Every line below between the line holding "by (simp add: Fz_def" and the line holding "by (simp add: Fz_term_def aQ_nonneg)", inclusive, should be repeated exactly, and all other lines omitted.

• [Dataset excerpts]:
━━━━

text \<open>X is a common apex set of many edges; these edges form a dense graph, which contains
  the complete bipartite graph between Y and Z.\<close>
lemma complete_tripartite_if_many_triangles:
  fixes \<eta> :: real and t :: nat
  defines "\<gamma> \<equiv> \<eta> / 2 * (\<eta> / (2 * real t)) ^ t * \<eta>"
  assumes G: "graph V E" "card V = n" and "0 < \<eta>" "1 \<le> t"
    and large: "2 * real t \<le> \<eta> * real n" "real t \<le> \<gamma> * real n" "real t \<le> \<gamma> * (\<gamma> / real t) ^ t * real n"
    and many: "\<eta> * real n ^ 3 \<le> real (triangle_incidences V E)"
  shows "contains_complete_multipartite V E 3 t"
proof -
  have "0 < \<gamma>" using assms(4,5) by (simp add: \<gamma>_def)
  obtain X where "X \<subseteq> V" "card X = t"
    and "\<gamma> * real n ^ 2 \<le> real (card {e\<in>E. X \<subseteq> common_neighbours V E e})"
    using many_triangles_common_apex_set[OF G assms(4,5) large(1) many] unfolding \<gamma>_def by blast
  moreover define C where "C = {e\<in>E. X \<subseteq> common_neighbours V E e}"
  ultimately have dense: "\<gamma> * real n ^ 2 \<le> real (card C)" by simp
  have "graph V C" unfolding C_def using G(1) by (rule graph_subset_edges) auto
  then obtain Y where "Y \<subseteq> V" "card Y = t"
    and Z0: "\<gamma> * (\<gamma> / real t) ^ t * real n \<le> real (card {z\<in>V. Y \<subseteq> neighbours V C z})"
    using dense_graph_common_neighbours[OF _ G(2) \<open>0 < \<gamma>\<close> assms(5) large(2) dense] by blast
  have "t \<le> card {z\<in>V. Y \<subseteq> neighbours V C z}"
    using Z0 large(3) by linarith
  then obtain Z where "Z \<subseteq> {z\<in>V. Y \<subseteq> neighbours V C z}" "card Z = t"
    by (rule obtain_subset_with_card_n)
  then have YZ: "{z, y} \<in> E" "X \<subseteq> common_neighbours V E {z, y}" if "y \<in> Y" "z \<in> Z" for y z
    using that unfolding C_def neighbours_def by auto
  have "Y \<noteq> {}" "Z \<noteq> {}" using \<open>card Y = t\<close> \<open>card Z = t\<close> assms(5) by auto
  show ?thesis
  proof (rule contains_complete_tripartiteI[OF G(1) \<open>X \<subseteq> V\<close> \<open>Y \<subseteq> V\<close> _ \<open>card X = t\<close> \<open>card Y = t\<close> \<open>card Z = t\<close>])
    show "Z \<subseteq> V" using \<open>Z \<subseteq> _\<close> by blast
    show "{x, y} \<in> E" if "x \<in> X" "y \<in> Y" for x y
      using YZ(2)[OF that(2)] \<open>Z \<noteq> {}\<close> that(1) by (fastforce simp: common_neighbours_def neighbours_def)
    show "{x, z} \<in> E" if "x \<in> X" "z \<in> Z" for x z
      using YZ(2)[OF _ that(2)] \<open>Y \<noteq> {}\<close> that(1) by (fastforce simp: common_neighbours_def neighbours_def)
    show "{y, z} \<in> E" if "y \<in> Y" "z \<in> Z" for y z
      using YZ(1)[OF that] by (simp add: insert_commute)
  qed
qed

━━━━

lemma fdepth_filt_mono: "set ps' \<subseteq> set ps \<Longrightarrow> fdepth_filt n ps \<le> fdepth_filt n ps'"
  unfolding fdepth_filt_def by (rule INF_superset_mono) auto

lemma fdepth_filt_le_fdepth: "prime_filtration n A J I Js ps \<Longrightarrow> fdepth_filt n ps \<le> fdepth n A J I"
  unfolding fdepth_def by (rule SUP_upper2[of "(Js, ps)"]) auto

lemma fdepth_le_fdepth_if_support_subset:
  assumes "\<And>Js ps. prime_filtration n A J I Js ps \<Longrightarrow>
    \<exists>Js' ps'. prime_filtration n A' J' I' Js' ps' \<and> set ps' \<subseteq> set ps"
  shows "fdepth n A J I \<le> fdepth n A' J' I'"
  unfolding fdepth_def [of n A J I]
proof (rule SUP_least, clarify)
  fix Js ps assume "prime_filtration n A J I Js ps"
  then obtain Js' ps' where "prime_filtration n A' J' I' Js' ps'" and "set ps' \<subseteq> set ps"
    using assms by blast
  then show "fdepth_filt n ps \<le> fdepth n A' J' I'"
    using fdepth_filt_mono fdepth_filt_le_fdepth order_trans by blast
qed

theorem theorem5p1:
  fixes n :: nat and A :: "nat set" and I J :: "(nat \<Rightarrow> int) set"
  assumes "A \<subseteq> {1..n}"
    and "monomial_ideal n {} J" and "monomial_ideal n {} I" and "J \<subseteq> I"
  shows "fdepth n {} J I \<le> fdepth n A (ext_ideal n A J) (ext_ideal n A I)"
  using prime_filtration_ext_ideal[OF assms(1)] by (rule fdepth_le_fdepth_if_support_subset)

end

━━━━

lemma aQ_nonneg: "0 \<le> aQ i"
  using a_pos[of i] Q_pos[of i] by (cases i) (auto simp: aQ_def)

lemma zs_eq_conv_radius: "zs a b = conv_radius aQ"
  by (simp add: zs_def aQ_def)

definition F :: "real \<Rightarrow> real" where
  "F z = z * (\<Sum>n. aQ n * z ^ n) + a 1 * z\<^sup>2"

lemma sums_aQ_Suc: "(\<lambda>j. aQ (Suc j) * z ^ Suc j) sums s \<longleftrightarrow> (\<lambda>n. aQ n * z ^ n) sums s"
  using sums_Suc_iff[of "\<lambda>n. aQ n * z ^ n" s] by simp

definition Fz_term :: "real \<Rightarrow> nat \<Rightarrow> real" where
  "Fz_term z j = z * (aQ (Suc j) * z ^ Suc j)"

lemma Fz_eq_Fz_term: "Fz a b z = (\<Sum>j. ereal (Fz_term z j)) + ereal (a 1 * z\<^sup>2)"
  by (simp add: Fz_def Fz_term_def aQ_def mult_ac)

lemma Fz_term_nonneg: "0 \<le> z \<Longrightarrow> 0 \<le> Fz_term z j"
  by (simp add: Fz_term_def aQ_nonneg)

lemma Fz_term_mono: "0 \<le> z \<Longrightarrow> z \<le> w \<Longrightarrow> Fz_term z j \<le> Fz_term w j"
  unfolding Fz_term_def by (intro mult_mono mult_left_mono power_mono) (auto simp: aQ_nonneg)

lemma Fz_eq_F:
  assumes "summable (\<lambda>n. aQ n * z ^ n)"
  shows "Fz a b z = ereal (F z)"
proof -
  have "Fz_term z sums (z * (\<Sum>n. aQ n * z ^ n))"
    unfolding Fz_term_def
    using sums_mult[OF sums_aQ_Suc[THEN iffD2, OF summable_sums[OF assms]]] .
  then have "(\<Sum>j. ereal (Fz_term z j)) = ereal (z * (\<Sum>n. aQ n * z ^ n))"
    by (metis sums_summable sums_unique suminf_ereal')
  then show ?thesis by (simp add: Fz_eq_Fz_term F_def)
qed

━━━━

• [Written answer]:
  by (simp add: Fz_def Fz_term_def aQ_def mult_ac)

lemma Fz_term_nonneg: "0 \<le> z \<Longrightarrow> 0 \<le> Fz_term z j"
  by (simp add: Fz_term_def aQ_nonneg)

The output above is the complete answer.